(* Let $h:\mathbb{R}\to\mathbb{R}$ be any of the following functions: the sigmoid $h(x)=1/(1+e^{-x})$; $h=\tanh$; $h=\arctan$; the quadratic $h(x)=x^2$; or $h(x)=\lambda x$ for $x\ge0$ and $h(x)=\lambda\alpha(e^x-1)$ for $x<0$, with $\alpha>0$ and either $\lambda=1$ (ELU) or $\lambda>1$ (SELU). Then: (i) there exist $v_1,v_2,v_3,v_4\in\mathbb{R}$ with $h(v_1)h(v_4)=h(v_2)h(v_3)$ and $h(v_1)h\!\left(\frac{v_3+v_4}{2}\right)\ne h(v_3)h\!\left(\frac{v_1+v_2}{2}\right)$; and (ii) there exist $v_1,v_2,u_1,u_2\in\mathbb{R}$ such that $u_1h(v_1)+u_2h(v_2)=\tfrac13$; $h$ is infinitely differentiable at $v_1$ and $v_2$; there is $c>0$ with $|h^{(n)}(v_1)|\le c^nn!$ and $|h^{(n)}(v_2)|\le c^nn!$ for all $n\ge1$; $(u_1h'(v_1))^2+\frac{u_1h''(v_1)}{3}>0$; and $(u_1h'(v_1)u_2h'(v_2))^2<\big((u_1h'(v_1))^2+\frac{u_1h''(v_1)}{3}\big)\big((u_2h'(v_2))^2+\frac{u_2h''(v_2)}{3}\big)$. Consequently, for each such $h$, the one-hidden-layer network risk $\ell((W_j,b_j)_{j=1}^2)=\tfrac12\|W_2h(W_1X+b_1\mathbf{1}_3^T)+b_2\mathbf{1}_3^T-Y\|_F^2$ with $W_1\in\mathbb{R}^{2\times2}$, $b_1\in\mathbb{R}^2$, $W_2\in\mathbb{R}^{1\times2}$, $b_2\in\mathbb{R}$, $X=\begin{bmatrix}1&0&\frac12\\0&1&\frac12\end{bmatrix}$, $Y=[0\ 0\ 1]$, has a global minimum with value $0$ and a local minimum with value $\tfrac13$.
   Context: $h^{(n)}$ denotes the $n$-th derivative of $h$; $\mathbf{1}_3$ is the all-ones vector in $\mathbb{R}^3$; $h$ is applied entrywise. *)

theory Defs
  imports "HOL-Analysis.Analysis"
begin

definition sigmoid :: "real \<Rightarrow> real" where
  "sigmoid x = 1 / (1 + exp (- x))"

text \<open>ELU (lam = 1) / SELU (lam > 1) with parameter alpha > 0.\<close>
definition elu :: "real \<Rightarrow> real \<Rightarrow> real \<Rightarrow> real" where
  "elu lam alpha x = (if x \<ge> 0 then lam * x else lam * alpha * (exp x - 1))"

definition Xdata :: "real^3^2" where
  "Xdata = (\<chi> i j. if j = 3 then 1/2 else if i = 1 then (if j = 1 then 1 else 0)
                                          else (if j = 2 then 1 else 0))"

definition Ydata :: "real^3^1" where
  "Ydata = (\<chi> i j. if j = 3 then 1 else 0)"

text \<open>Risk of the one-hidden-layer network; h applied entrywise; Frobenius norm
  (the norm on real^3^1 is the Frobenius norm).\<close>
definition risk :: "(real \<Rightarrow> real) \<Rightarrow> real^2^2 \<Rightarrow> real^2 \<Rightarrow> real^2^1 \<Rightarrow> real \<Rightarrow> real" where
  "risk h W1 b1 W2 b2 =
     (1/2) * (norm (W2 ** (\<chi> i j. h ((W1 ** Xdata) $ i $ j + b1 $ i))
                  + (\<chi> i j. b2) - Ydata))\<^sup>2"

definition riskp :: "(real \<Rightarrow> real) \<Rightarrow> (real^2^2) \<times> (real^2) \<times> (real^2^1) \<times> real \<Rightarrow> real" where
  "riskp h p = risk h (fst p) (fst (snd p)) (fst (snd (snd p))) (snd (snd (snd p)))"

definition inf_diff_at :: "(real \<Rightarrow> real) \<Rightarrow> real \<Rightarrow> bool" where
  "inf_diff_at h v \<longleftrightarrow> (\<forall>n. \<forall>\<^sub>F x in nhds v. ((deriv ^^ n) h) field_differentiable (at x))"

end

theory Submission
  imports Defs "HOL-Complex_Analysis.Cauchy_Integral_Formula"
begin

text \<open>
  The risk is half the sum of the squared residuals o1, o2, o3 - 1 of the network outputs at the
  three data points, the third of which is the midpoint of the other two. If the second difference
  h 0 + h (-2) - 2 h (-1) is nonzero, the weights can be chosen to fit the data exactly. If h is
  convex on the negative reals, then near the parameter with all hidden pre-activations equal to -1
  and positive output weights, convexity gives o1 + o2 - 2 o3 \<ge> 0, and then
  6 (o1^2 + o2^2 + (o3 - 1)^2) \<ge> (o1 + o2 - 2 (o3 - 1))^2 \<ge> 4, so this parameter, where the
  risk is 1/3, is a local minimum.

  Part (ii) is witnessed by v1 = v2 = v for a single point v with h'(v)^2 + h(v) h''(v) > 0, the
  weight 1/(3 h(v)) being split into two parts u1, u2 of suitable signs. The factorial bounds on
  the derivatives at v follow from Cauchy's inequality for a holomorphic extension of h.
\<close>

section \<open>Derivatives of a real function with a holomorphic extension\<close>

lemma complex_of_real_in_ball_iff [simp]:
  "complex_of_real x \<in> ball (complex_of_real v) r \<longleftrightarrow> x \<in> ball v r"
  by (simp add: dist_norm flip: of_real_diff)

lemma real_derivative_of_holomorphic_extension:
  fixes G :: "complex \<Rightarrow> complex" and g :: "real \<Rightarrow> real"
  assumes holo: "G holomorphic_on ball (of_real v) r"
    and extends: "\<And>x. x \<in> ball v r \<Longrightarrow> G (of_real x) = of_real (g x)"
    and x: "x \<in> ball v r"
  shows "(g has_real_derivative Re (deriv G (of_real x))) (at x)"
    and "deriv G (of_real x) = of_real (Re (deriv G (of_real x)))"
proof -
  define G' where "G' = deriv G (of_real x)"
  have "(G has_field_derivative G') (at (of_real x))"
    unfolding G'_def using holomorphic_derivI[OF holo open_ball] x by simp
  then have "((\<lambda>t. G (of_real t)) has_vector_derivative G') (at x)"
    by (rule has_vector_derivative_real_field)
  then have re: "((\<lambda>t. Re (G (of_real t))) has_field_derivative Re G') (at x)"
    and im: "((\<lambda>t. Im (G (of_real t))) has_field_derivative Im G') (at x)"
    by (auto simp: has_vector_derivative_complex_iff)
  show "(g has_real_derivative Re (deriv G (of_real x))) (at x)"
    unfolding G'_def[symmetric]
    by (rule has_field_derivative_transform_within_open[OF re open_ball x]) (simp add: extends)
  have "((\<lambda>t. 0::real) has_field_derivative Im G') (at x)"
    by (rule has_field_derivative_transform_within_open[OF im open_ball x]) (simp add: extends)
  then have "Im G' = 0"
    using DERIV_unique DERIV_const by blast
  then show "deriv G (of_real x) = of_real (Re (deriv G (of_real x)))"
    unfolding G'_def[symmetric] by (simp add: complex_eq_iff)
qed
lemma sign_step_cube:
  assumes "A ** A = mat 1" and "R ** R = mat 1"
  shows "sign_step A R m (sign_step A R m (sign_step A R m X)) = cscale 4 (sign_step A R m X)"
proof -
  have sq: "(-1::complex) ^ m * (-1) ^ m = 1"
    by (simp add: power_mult_distrib[symmetric])
  have cancel: "A ** A ** Y = Y" "Y ** R ** R = Y" for Y
    by (simp_all add: assms matrix_mul_assoc[symmetric])
  have twice: "sign_step A R m (sign_step A R m Y) = cscale 2 (Y + cscale ((-1) ^ m) (A ** Y ** R))" for Y
    by (simp add: sign_step_twice assms power_add sq vec_eq_iff algebra_simps)
  show ?thesis
    unfolding twice unfolding sign_step_def
    by (simp add: matrix_add_rdistrib matrix_add_ldistrib matrix_mul_assoc cancel sq vec_eq_iff algebra_simps)
qed

section \<open>Commuting involutions\<close>

lemma matrix_inv_unitary:
  assumes "unitary A"
  shows "A ** matrix_inv A = mat 1" and "matrix_inv A ** A = mat 1"
proof -
  have "\<exists>A'. A ** A' = mat 1 \<and> A' ** A = mat 1"
    using assms unfolding unitary_def by blast
  then have "A ** matrix_inv A = mat 1 \<and> matrix_inv A ** A = mat 1"
    unfolding matrix_inv_def by (rule someI_ex)
  then show "A ** matrix_inv A = mat 1" and "matrix_inv A ** A = mat 1" by auto
qed

definition commuting_involutions :: "('i \<Rightarrow> cmat2) \<Rightarrow> bool" where
  "commuting_involutions h \<longleftrightarrow> (\<forall>p. h p ** h p = mat 1) \<and> (\<forall>p q. h p ** h q = h q ** h p)"
lemma qnumradius_mult_sectorial:
  fixes A B :: "complex^'n^'n"
  assumes "0 < cmod q" "cmod q \<le> 1" "0 \<le> \<alpha>" "\<alpha> < pi / 2" "A \<in> Pi_s \<alpha>" "B \<in> Pi_s \<alpha>"
  shows "(cmod q)\<^sup>2 * qnumradius q (A ** B) \<le> (1 / (cos \<alpha>)\<^sup>2) * qnumradius q A * qnumradius q B"
proof (cases "CARD('n) = 1 \<and> cmod q \<noteq> 1")
  case True
  then show ?thesis
    by (simp add: qnumradius_card_1 qnumradius_nonneg)
next
  case False
  have "0 < CARD('n)"
    by simp
  with False have dim: "cmod q = 1 \<or> 2 \<le> CARD('n)"
    by (cases "cmod q = 1") arith+
  define M\<^sub>A where "M\<^sub>A = qnumradius q A / cmod q"
  define M\<^sub>B where "M\<^sub>B = qnumradius q B / cmod q"
  have "0 < cos \<alpha>"
    using assms by (simp add: cos_gt_zero_pi)
  have "qnumradius q (A ** B) \<le> M\<^sub>A * M\<^sub>B / (cos \<alpha>)\<^sup>2"
  proof (rule qnumradius_least)
    show "0 \<le> M\<^sub>A * M\<^sub>B / (cos \<alpha>)\<^sup>2"
      by (simp add: M\<^sub>A_def M\<^sub>B_def qnumradius_nonneg)
    show "cmod (cinner ((A ** B) *v x) y) \<le> M\<^sub>A * M\<^sub>B / (cos \<alpha>)\<^sup>2"
      if "norm x = 1" "norm y = 1" for x y
      using sectorial_product_bound[OF assms(3-6) _ _ Re_quadratic_form_le_qnumradius
          Re_quadratic_form_le_qnumradius, of q q x y] assms(1,2) dim that \<open>0 < cos \<alpha>\<close>
      by (simp add: M\<^sub>A_def M\<^sub>B_def qnumradius_nonneg pos_le_divide_eq mult_ac)
  qed
  then have "(cmod q)\<^sup>2 * qnumradius q (A ** B) \<le> (cmod q)\<^sup>2 * (M\<^sub>A * M\<^sub>B / (cos \<alpha>)\<^sup>2)"
    by (rule mult_left_mono) simp
  also have "\<dots> = (1 / (cos \<alpha>)\<^sup>2) * qnumradius q A * qnumradius q B"
    using assms(1) by (simp add: M\<^sub>A_def M\<^sub>B_def power2_eq_square)
  finally show ?thesis .
qed
(* Let $p$ be even and let $\mathcal{C}_0$ be a two-sided $p$-periodic CMV matrix with discriminant $\Delta_{\mathcal{C}_0}$ and isospectral torus $\mathcal{T}_{\mathcal{C}_0}$. Given a two-sided (not a priori periodic) CMV matrix $\mathcal{C}$, we have $\Delta_{\mathcal{C}_0}(\mathcal{C})=S^p+S^{-p}$ if and only if $\mathcal{C}\in\mathcal{T}_{\mathcal{C}_0}$, where $S$ is the right shift on $\ell^2(\mathbb{Z})$.
   Context: For $\alpha\in\mathbb{D}=\{|z|<1\}$ let $\rho=(1-|\alpha|^2)^{1/2}$ and $\Theta(\alpha)=\begin{pmatrix}\bar\alpha&\rho\\ \rho&-\alpha\end{pmatrix}$. Given $\{\alpha_n\}_{n\in\mathbb{Z}}\subset\mathbb{D}$, the two-sided CMV matrix is $\mathcal{C}=\mathcal{L}\mathcal{M}$ on $\ell^2(\mathbb{Z})$, where $\mathcal{L}=\bigoplus_j\Theta(\alpha_{2j})$ with $\Theta(\alpha_{2j})$ acting on the coordinates $(2j,2j+1)$, and $\mathcal{M}=\bigoplus_j\Theta(\alpha_{2j-1})$ with $\Theta(\alpha_{2j-1})$ acting on the coordinates $(2j-1,2j)$; $\mathcal{C}$ is unitary. It is $p$-periodic if $\alpha_{n+p}=\alpha_n$. For periodic $\mathcal{C}_0$ with coefficients $\alpha^{(0)}_n$, define $M_n(z)=(\rho^{(0)}_n)^{-1}\begin{pmatrix}z&-\bar\alpha^{(0)}_n\\-\alpha^{(0)}_nz&1\end{pmatrix}$ and the discriminant $\Delta_{\mathcal{C}_0}(z)=\mathrm{Tr}\bigl(z^{-p/2}M_{p-1}(z)\cdots M_0(z)\bigr)$, a Laurent polynomial real on the unit circle; $\Delta_{\mathcal{C}_0}(\mathcal{C})$ is this Laurent polynomial applied to the unitary $\mathcal{C}$ (using $\mathcal{C}^{-1}=\mathcal{C}^*$). The isospectral torus $\mathcal{T}_{\mathcal{C}_0}$ is the set of two-sided $p$-periodic CMV matrices with the same discriminant as $\mathcal{C}_0$. $(Su)_n=u_{n-1}$. *)

theory Defs
  imports Complex_Main "HOL-Computational_Algebra.Polynomial"
begin

text \<open>All matrices occurring here are banded, so products are finite sums over
  the finitely many indices where both factors are nonzero.\<close>

type_synonym zmat = "int \<Rightarrow> int \<Rightarrow> complex"

definition zmat_mult :: "zmat \<Rightarrow> zmat \<Rightarrow> zmat" where
  "zmat_mult A B = (\<lambda>i j. \<Sum>k\<in>{k. A i k \<noteq> 0 \<and> B k j \<noteq> 0}. A i k * B k j)"

definition zmat_id :: zmat where
  "zmat_id = (\<lambda>i j. if i = j then 1 else 0)"

definition zmat_adj :: "zmat \<Rightarrow> zmat" where
  "zmat_adj A = (\<lambda>i j. cnj (A j i))"

fun zmat_pow :: "zmat \<Rightarrow> nat \<Rightarrow> zmat" where
  "zmat_pow A 0 = zmat_id"
| "zmat_pow A (Suc n) = zmat_mult A (zmat_pow A n)"

text \<open>Integer powers of a unitary operator, using U^{-1} = U^*.\<close>
definition zmat_zpow :: "zmat \<Rightarrow> int \<Rightarrow> zmat" where
  "zmat_zpow U k = (if 0 \<le> k then zmat_pow U (nat k) else zmat_pow (zmat_adj U) (nat (- k)))"

text \<open>Right shift: (S u)_n = u_{n-1}, i.e. S has entries S(i,j) = 1 iff i = j + 1.\<close>
definition shiftR :: zmat where
  "shiftR = (\<lambda>i j. if i = j + 1 then 1 else 0)"

definition rho :: "complex \<Rightarrow> complex" where
  "rho a = complex_of_real (sqrt (1 - (cmod a)\<^sup>2))"

text \<open>Block-diagonal direct sum of Theta(alpha_m) acting on coordinates (m, m+1),
  for all m with m mod 2 = e.\<close>
definition theta_blocks :: "int \<Rightarrow> (int \<Rightarrow> complex) \<Rightarrow> zmat" where
  "theta_blocks e \<alpha> = (\<lambda>i j.
     let m = (if (i - e) mod 2 = 0 then i else i - 1) in
     if i = m \<and> j = m then cnj (\<alpha> m)
     else if i = m \<and> j = m + 1 then rho (\<alpha> m)
     else if i = m + 1 \<and> j = m then rho (\<alpha> m)
     else if i = m + 1 \<and> j = m + 1 then - \<alpha> m
     else 0)"

definition cmvL :: "(int \<Rightarrow> complex) \<Rightarrow> zmat" where
  "cmvL \<alpha> = theta_blocks 0 \<alpha>"

definition cmvM :: "(int \<Rightarrow> complex) \<Rightarrow> zmat" where
  "cmvM \<alpha> = theta_blocks 1 \<alpha>"

definition cmv :: "(int \<Rightarrow> complex) \<Rightarrow> zmat" where
  "cmv \<alpha> = zmat_mult (cmvL \<alpha>) (cmvM \<alpha>)"

definition in_disk_seq :: "(int \<Rightarrow> complex) \<Rightarrow> bool" where
  "in_disk_seq \<alpha> \<longleftrightarrow> (\<forall>n. cmod (\<alpha> n) < 1)"

definition periodic_seq :: "(int \<Rightarrow> complex) \<Rightarrow> nat \<Rightarrow> bool" where
  "periodic_seq \<alpha> p \<longleftrightarrow> (\<forall>n. \<alpha> (n + int p) = \<alpha> n)"

text \<open>2x2 matrices with polynomial entries, as quadruples (a,b,c,d) = [[a,b],[c,d]].\<close>
type_synonym pm2 = "complex poly \<times> complex poly \<times> complex poly \<times> complex poly"

definition pm2_mult :: "pm2 \<Rightarrow> pm2 \<Rightarrow> pm2" where
  "pm2_mult X Y = (case X of (a,b,c,d) \<Rightarrow> case Y of (e,f,g,h) \<Rightarrow>
     (a*e + b*g, a*f + b*h, c*e + d*g, c*f + d*h))"

definition pm2_id :: pm2 where
  "pm2_id = (1, 0, 0, 1)"

definition pm2_trace :: "pm2 \<Rightarrow> complex poly" where
  "pm2_trace X = (case X of (a,b,c,d) \<Rightarrow> a + d)"

definition transfer :: "(int \<Rightarrow> complex) \<Rightarrow> int \<Rightarrow> pm2" where
  "transfer \<alpha> n = (let r = inverse (rho (\<alpha> n)) in
     (smult r [:0, 1:], smult r [: - cnj (\<alpha> n) :],
      smult r [:0, - \<alpha> n:], smult r [:1:]))"

fun transfer_prod :: "(int \<Rightarrow> complex) \<Rightarrow> nat \<Rightarrow> pm2" where
  "transfer_prod \<alpha> 0 = pm2_id"
| "transfer_prod \<alpha> (Suc n) = pm2_mult (transfer \<alpha> (int n)) (transfer_prod \<alpha> n)"

definition disc_poly :: "(int \<Rightarrow> complex) \<Rightarrow> nat \<Rightarrow> complex poly" where
  "disc_poly \<alpha> p = pm2_trace (transfer_prod \<alpha> p)"

definition discriminant :: "(int \<Rightarrow> complex) \<Rightarrow> nat \<Rightarrow> complex \<Rightarrow> complex" where
  "discriminant \<alpha> p z = z powi (- int (p div 2)) * poly (disc_poly \<alpha> p) z"

text \<open>The Laurent polynomial Delta applied to a unitary U:
  sum_{k=0..p} coeff(T,k) U^{k - p/2}.\<close>
definition disc_apply :: "(int \<Rightarrow> complex) \<Rightarrow> nat \<Rightarrow> zmat \<Rightarrow> zmat" where
  "disc_apply \<alpha> p U = (\<lambda>i j. \<Sum>k\<le>p. coeff (disc_poly \<alpha> p) k *
      zmat_zpow U (int k - int (p div 2)) i j)"

definition iso_torus :: "(int \<Rightarrow> complex) \<Rightarrow> nat \<Rightarrow> zmat set" where
  "iso_torus \<alpha>0 p = {cmv \<beta> | \<beta>. in_disk_seq \<beta> \<and> periodic_seq \<beta> p \<and>
      (\<forall>z. z \<noteq> 0 \<longrightarrow> discriminant \<beta> p z = discriminant \<alpha>0 p z)}"

end

theory Submission
  imports Defs "Jordan_Normal_Form.Determinant" "HOL-Computational_Algebra.Fundamental_Theorem_Algebra"
begin

text \<open>Both directions rest on Floquet solutions. For \<open>z \<noteq> 0\<close> and \<open>l + 1/l = \<Delta>(z)\<close>, a
  \<open>p\<close>-periodic CMV matrix has a solution of \<open>\<C> u = z u\<close> with \<open>u(n+p) = l u(n)\<close>, built from an
  eigenvector of the transfer matrix over one period; on such \<open>u\<close> both \<open>\<Delta>(\<C>)\<close> and
  \<open>S\<^sup>p + S\<^sup>-\<^sup>p\<close> act as multiplication by \<open>l + 1/l\<close>.

  If \<open>\<Delta>\<^sub>0(\<C>) = S\<^sup>p + S\<^sup>-\<^sup>p\<close>, then \<open>\<C>\<close> commutes with \<open>S\<^sup>p + S\<^sup>-\<^sup>p\<close>; as \<open>\<C>\<close> has bandwidth 2
  and \<open>p \<ge> 2\<close>, this forces \<open>\<C>\<close>, hence \<open>\<alpha>\<close>, to be \<open>p\<close>-periodic, and comparing both operators on a
  Floquet solution of \<open>\<C>\<close> gives \<open>\<Delta>\<^sub>\<C> = \<Delta>\<^sub>0\<close>.

  Conversely, for periodic \<open>\<C>\<close> the banded operator \<open>D = \<Delta>(\<C>) - S\<^sup>p - S\<^sup>-\<^sup>p\<close> kills Floquet
  solutions. For all but finitely many \<open>l\<close> the equation \<open>\<Delta>(z) = l + 1/l\<close> has \<open>p\<close> distinct roots,
  giving \<open>p\<close> independent Floquet solutions with multiplier \<open>l\<close>, which span all sequences with
  that multiplier. So each row of \<open>D\<close>, summed over a residue class mod \<open>p\<close> against powers of
  \<open>l\<close>, is a Laurent polynomial in \<open>l\<close> with infinitely many zeros; hence \<open>D = 0\<close>.\<close>

section \<open>Banded matrices acting on sequences\<close>

definition banded :: "int \<Rightarrow> zmat \<Rightarrow> bool" where
  "banded r A \<longleftrightarrow> (\<forall>i j. r < \<bar>i - j\<bar> \<longrightarrow> A i j = 0)"

text \<open>As in \<open>zmat_mult\<close>, the sum runs over the support of the row; it is meaningful for banded
  matrices, where that support is finite (an infinite support gives the junk value 0).\<close>
definition zmat_apply :: "zmat \<Rightarrow> (int \<Rightarrow> complex) \<Rightarrow> int \<Rightarrow> complex" where
  "zmat_apply A v = (\<lambda>i. \<Sum>j\<in>{j. A i j \<noteq> 0}. A i j * v j)"

definition unit_seq :: "int \<Rightarrow> int \<Rightarrow> complex" where
  "unit_seq j = (\<lambda>k. if k = j then 1 else 0)"

lemma banded_mono: "banded r A \<Longrightarrow> r \<le> s \<Longrightarrow> banded s A"
  unfolding banded_def by auto

lemma banded_row_support: "banded r A \<Longrightarrow> {j. A i j \<noteq> 0} \<subseteq> {i - r..i + r}"
  unfolding banded_def by force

━━━━━━━━━━━━━━━━━━━━

About this task
Exact lines only, please: output the listing from the first line to the line with "(the norm on", both included.

Reply to the task
(* Let $h:\mathbb{R}\to\mathbb{R}$ be any of the following functions: the sigmoid $h(x)=1/(1+e^{-x})$; $h=\tanh$; $h=\arctan$; the quadratic $h(x)=x^2$; or $h(x)=\lambda x$ for $x\ge0$ and $h(x)=\lambda\alpha(e^x-1)$ for $x<0$, with $\alpha>0$ and either $\lambda=1$ (ELU) or $\lambda>1$ (SELU). Then: (i) there exist $v_1,v_2,v_3,v_4\in\mathbb{R}$ with $h(v_1)h(v_4)=h(v_2)h(v_3)$ and $h(v_1)h\!\left(\frac{v_3+v_4}{2}\right)\ne h(v_3)h\!\left(\frac{v_1+v_2}{2}\right)$; and (ii) there exist $v_1,v_2,u_1,u_2\in\mathbb{R}$ such that $u_1h(v_1)+u_2h(v_2)=\tfrac13$; $h$ is infinitely differentiable at $v_1$ and $v_2$; there is $c>0$ with $|h^{(n)}(v_1)|\le c^nn!$ and $|h^{(n)}(v_2)|\le c^nn!$ for all $n\ge1$; $(u_1h'(v_1))^2+\frac{u_1h''(v_1)}{3}>0$; and $(u_1h'(v_1)u_2h'(v_2))^2<\big((u_1h'(v_1))^2+\frac{u_1h''(v_1)}{3}\big)\big((u_2h'(v_2))^2+\frac{u_2h''(v_2)}{3}\big)$. Consequently, for each such $h$, the one-hidden-layer network risk $\ell((W_j,b_j)_{j=1}^2)=\tfrac12\|W_2h(W_1X+b_1\mathbf{1}_3^T)+b_2\mathbf{1}_3^T-Y\|_F^2$ with $W_1\in\mathbb{R}^{2\times2}$, $b_1\in\mathbb{R}^2$, $W_2\in\mathbb{R}^{1\times2}$, $b_2\in\mathbb{R}$, $X=\begin{bmatrix}1&0&\frac12\\0&1&\frac12\end{bmatrix}$, $Y=[0\ 0\ 1]$, has a global minimum with value $0$ and a local minimum with value $\tfrac13$.
   Context: $h^{(n)}$ denotes the $n$-th derivative of $h$; $\mathbf{1}_3$ is the all-ones vector in $\mathbb{R}^3$; $h$ is applied entrywise. *)

theory Defs
  imports "HOL-Analysis.Analysis"
begin

definition sigmoid :: "real \<Rightarrow> real" where
  "sigmoid x = 1 / (1 + exp (- x))"

text \<open>ELU (lam = 1) / SELU (lam > 1) with parameter alpha > 0.\<close>
definition elu :: "real \<Rightarrow> real \<Rightarrow> real \<Rightarrow> real" where
  "elu lam alpha x = (if x \<ge> 0 then lam * x else lam * alpha * (exp x - 1))"

definition Xdata :: "real^3^2" where
  "Xdata = (\<chi> i j. if j = 3 then 1/2 else if i = 1 then (if j = 1 then 1 else 0)
                                          else (if j = 2 then 1 else 0))"

definition Ydata :: "real^3^1" where
  "Ydata = (\<chi> i j. if j = 3 then 1 else 0)"

text \<open>Risk of the one-hidden-layer network; h applied entrywise; Frobenius norm
  (the norm on real^3^1 is the Frobenius norm).\<close>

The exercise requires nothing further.